● **WHAT THIS TASK INVOLVES**:
Copy every line of the data that includes the string "modelled".

[Collected data]
......

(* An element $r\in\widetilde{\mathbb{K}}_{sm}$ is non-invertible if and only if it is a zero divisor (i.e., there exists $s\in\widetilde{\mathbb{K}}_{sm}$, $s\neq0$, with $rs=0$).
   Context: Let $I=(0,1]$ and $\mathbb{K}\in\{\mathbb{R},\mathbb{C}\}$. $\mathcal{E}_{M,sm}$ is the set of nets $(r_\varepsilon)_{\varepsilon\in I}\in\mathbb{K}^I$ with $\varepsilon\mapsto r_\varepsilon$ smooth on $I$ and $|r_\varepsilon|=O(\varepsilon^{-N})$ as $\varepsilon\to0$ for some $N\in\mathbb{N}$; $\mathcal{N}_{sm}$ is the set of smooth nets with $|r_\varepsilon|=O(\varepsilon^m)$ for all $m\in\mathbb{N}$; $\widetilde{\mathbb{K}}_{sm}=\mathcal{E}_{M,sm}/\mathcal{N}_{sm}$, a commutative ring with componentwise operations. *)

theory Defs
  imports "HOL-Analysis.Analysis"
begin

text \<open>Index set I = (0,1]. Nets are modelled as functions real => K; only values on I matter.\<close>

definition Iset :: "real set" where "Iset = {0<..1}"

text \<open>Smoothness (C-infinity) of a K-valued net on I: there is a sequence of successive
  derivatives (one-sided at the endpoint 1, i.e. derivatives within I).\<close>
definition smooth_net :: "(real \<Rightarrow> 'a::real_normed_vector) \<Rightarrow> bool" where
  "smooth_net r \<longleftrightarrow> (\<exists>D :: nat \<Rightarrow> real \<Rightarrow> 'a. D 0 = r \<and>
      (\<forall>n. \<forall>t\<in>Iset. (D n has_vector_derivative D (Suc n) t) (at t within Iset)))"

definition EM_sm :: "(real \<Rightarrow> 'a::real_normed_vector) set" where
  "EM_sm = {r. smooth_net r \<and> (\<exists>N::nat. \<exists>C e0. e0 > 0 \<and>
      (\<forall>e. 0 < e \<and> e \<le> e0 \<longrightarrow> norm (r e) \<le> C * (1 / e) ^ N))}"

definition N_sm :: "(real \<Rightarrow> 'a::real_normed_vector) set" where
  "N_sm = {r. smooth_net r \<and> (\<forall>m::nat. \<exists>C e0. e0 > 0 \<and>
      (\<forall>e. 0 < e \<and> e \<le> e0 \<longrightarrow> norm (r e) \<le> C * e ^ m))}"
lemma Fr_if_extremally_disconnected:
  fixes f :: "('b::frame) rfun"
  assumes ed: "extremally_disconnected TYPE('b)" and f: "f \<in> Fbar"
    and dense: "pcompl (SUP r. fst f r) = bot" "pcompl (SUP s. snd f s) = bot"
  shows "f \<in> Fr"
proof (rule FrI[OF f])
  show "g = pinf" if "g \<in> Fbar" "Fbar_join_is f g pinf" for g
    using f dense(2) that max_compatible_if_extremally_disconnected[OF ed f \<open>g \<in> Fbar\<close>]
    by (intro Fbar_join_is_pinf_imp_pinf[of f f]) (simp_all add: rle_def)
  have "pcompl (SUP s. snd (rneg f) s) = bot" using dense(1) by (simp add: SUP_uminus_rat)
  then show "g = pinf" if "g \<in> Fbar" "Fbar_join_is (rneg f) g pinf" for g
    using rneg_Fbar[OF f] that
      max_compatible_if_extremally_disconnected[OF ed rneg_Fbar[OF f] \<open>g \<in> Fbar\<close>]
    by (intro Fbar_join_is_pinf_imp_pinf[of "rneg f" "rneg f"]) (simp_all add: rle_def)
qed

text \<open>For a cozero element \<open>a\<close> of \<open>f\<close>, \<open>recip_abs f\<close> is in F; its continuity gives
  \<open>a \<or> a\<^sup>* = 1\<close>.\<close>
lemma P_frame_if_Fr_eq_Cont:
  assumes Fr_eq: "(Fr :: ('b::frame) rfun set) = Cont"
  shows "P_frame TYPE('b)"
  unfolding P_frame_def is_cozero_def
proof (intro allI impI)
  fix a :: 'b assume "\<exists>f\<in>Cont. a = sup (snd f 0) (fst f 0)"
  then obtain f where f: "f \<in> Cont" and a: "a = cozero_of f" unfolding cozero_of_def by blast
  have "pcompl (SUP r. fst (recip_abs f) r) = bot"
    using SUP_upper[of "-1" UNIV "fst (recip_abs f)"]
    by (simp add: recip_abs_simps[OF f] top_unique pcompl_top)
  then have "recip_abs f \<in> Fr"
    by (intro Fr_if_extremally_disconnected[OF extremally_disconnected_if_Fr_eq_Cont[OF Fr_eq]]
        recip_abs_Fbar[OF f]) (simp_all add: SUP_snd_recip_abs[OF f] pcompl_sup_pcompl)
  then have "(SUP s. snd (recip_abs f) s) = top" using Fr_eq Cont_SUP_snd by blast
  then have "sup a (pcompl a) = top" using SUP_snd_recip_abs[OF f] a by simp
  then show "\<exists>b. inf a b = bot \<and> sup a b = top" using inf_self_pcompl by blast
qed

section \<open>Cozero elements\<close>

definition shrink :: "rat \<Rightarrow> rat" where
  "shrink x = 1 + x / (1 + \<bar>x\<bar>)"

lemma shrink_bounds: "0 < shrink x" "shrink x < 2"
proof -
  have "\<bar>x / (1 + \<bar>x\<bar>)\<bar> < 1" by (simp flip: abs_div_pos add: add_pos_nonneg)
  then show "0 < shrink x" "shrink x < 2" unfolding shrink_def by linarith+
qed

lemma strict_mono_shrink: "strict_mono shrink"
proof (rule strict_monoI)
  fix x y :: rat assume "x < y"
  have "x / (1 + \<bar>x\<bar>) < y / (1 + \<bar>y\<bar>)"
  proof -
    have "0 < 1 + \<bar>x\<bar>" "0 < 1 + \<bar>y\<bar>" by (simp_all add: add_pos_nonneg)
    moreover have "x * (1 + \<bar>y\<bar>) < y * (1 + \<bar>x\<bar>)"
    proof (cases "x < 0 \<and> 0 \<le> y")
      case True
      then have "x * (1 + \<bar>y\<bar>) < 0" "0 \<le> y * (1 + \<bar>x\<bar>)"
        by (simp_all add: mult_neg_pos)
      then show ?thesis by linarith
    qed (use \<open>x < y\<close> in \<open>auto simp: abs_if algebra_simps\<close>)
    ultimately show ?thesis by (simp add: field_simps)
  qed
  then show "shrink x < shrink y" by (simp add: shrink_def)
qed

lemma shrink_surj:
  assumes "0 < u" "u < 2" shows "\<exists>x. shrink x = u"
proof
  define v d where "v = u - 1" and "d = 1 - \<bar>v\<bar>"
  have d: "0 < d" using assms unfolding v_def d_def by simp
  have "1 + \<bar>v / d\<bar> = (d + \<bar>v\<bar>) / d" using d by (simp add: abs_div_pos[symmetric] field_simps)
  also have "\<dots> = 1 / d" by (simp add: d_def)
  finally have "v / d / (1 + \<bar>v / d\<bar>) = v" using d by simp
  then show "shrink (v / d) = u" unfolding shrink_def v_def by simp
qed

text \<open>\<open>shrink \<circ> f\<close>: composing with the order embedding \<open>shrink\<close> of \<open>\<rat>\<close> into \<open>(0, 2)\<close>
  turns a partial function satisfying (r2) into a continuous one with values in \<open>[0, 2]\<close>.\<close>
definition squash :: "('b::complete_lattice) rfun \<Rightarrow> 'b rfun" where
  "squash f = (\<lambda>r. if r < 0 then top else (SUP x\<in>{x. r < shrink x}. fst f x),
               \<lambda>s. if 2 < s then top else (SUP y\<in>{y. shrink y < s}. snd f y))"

......

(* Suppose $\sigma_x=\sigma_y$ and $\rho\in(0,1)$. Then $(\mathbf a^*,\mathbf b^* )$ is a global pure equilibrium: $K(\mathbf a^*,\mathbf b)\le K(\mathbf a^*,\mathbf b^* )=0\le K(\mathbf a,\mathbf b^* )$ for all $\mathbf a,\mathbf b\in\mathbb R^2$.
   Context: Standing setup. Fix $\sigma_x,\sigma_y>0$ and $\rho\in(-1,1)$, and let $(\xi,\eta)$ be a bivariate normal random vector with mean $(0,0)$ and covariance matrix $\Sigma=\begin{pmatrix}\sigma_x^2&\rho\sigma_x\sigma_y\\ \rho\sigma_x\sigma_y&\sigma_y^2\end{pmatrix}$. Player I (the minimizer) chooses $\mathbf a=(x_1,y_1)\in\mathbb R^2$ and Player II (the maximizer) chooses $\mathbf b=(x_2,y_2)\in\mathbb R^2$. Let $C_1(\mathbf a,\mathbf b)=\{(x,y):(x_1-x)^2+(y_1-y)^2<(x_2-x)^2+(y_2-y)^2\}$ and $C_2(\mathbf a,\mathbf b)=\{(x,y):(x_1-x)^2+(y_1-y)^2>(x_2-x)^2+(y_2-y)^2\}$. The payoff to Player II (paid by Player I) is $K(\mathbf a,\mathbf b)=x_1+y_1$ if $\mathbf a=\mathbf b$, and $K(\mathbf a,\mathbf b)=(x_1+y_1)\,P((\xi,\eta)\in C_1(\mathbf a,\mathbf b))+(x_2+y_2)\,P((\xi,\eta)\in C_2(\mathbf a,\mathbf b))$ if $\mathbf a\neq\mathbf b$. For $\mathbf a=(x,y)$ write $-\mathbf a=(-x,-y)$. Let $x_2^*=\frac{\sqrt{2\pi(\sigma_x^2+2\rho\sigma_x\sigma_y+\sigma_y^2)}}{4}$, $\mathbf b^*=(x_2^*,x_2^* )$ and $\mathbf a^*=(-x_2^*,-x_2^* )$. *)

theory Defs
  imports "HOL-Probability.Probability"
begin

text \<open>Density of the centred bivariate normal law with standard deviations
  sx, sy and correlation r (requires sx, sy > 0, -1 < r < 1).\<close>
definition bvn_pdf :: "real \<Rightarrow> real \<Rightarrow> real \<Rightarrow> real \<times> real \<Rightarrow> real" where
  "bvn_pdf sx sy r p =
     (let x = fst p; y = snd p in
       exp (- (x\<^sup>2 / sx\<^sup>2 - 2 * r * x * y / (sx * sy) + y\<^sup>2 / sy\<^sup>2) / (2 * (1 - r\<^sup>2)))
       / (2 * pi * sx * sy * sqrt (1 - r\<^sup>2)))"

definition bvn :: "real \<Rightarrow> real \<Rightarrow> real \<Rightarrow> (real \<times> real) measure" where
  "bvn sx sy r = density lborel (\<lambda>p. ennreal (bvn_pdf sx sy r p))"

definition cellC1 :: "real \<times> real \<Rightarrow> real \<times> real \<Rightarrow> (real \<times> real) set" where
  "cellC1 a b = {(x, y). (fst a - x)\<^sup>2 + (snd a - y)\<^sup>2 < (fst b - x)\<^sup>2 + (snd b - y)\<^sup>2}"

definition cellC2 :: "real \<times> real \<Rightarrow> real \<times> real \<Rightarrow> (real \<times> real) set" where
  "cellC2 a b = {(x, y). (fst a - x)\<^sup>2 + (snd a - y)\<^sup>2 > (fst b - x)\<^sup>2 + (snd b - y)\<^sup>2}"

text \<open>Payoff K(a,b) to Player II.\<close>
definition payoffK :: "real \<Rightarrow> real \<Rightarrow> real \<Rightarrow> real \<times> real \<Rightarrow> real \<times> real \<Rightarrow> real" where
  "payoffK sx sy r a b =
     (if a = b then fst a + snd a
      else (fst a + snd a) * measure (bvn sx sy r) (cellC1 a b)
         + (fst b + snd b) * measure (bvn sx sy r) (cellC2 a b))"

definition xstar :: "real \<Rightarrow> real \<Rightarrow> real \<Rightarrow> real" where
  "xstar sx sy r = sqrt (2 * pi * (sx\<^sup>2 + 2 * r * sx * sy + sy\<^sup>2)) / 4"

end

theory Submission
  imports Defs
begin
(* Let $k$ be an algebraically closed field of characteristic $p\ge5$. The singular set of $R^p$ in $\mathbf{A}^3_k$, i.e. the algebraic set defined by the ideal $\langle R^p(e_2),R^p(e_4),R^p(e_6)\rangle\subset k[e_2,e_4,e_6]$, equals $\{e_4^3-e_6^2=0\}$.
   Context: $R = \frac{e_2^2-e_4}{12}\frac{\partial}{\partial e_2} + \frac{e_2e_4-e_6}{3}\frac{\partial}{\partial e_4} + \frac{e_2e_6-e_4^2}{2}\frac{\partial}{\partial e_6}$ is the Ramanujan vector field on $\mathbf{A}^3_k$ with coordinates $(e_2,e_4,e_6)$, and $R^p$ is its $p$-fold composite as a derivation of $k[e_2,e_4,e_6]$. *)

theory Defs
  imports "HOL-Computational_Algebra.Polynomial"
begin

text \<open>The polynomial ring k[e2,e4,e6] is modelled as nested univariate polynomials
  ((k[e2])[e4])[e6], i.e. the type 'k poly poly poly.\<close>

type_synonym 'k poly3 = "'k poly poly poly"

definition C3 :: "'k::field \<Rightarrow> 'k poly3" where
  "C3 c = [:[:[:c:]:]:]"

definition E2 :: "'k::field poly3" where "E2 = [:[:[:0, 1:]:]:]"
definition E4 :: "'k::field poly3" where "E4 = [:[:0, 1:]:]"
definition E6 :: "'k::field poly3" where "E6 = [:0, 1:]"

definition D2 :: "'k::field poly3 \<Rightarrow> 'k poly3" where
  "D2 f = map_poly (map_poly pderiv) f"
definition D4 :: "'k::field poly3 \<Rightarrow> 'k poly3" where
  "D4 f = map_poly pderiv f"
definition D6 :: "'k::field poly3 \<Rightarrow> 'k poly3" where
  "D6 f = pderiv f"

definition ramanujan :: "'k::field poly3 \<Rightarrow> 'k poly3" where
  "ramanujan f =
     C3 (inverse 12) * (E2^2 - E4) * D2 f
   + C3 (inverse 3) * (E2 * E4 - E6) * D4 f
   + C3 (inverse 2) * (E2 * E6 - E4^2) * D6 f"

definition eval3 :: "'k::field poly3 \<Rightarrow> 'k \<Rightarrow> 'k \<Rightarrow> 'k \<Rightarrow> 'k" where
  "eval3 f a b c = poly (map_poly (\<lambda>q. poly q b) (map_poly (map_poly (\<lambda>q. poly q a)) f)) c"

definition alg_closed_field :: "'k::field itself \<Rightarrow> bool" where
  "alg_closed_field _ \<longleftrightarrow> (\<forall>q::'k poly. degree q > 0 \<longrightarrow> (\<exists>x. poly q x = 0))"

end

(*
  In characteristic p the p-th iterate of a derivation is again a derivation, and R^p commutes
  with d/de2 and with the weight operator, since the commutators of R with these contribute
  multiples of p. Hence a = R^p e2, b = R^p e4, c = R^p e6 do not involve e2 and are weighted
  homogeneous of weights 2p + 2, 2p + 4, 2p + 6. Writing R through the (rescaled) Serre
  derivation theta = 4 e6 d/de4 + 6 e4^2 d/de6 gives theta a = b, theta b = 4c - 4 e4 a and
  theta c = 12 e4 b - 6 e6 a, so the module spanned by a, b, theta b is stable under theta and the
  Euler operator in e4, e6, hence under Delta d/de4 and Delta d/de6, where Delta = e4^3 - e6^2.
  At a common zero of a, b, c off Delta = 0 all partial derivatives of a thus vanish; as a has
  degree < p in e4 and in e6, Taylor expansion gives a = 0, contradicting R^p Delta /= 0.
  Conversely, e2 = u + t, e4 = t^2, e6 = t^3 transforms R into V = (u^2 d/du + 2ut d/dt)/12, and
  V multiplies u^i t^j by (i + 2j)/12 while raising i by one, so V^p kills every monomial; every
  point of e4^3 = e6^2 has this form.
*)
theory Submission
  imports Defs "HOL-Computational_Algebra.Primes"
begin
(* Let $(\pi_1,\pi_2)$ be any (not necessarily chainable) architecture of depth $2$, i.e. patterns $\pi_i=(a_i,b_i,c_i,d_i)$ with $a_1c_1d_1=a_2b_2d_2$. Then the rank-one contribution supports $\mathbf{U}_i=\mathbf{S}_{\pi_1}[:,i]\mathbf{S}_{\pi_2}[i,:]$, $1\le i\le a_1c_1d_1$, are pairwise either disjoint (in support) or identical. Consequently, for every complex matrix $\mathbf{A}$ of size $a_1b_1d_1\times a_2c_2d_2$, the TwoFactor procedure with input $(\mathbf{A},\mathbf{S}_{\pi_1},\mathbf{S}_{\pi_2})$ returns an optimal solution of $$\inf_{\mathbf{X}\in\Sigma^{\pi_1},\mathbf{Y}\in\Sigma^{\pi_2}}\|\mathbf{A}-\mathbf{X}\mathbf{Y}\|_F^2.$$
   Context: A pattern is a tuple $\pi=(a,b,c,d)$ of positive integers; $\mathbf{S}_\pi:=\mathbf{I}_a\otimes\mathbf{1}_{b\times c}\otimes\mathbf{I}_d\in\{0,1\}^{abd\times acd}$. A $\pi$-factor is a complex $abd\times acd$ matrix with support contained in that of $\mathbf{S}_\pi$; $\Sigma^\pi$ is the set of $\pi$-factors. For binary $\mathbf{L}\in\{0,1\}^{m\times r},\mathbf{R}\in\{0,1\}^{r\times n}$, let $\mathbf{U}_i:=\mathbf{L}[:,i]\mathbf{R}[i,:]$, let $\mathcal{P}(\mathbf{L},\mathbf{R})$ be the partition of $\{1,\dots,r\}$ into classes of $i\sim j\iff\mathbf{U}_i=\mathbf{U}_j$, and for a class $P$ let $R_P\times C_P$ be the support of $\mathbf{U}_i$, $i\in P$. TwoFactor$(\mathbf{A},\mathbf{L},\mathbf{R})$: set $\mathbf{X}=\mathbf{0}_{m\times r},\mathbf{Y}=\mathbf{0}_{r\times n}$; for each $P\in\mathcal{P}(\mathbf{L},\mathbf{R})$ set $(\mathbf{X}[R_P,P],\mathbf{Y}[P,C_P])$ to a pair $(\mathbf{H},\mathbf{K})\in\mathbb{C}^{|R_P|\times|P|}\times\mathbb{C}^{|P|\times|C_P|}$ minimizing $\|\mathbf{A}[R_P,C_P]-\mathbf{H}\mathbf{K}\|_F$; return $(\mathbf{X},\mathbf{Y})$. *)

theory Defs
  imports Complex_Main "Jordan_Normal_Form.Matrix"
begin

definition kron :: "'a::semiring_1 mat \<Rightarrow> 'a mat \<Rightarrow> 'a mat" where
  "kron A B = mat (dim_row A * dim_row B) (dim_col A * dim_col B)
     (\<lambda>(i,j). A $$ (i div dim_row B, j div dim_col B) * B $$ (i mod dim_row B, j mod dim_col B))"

......

● **REPLY TO THE EXERCISE**:
text \<open>Index set I = (0,1]. Nets are modelled as functions real => K; only values on I matter.\<close>
text \<open>The polynomial ring k[e2,e4,e6] is modelled as nested univariate polynomials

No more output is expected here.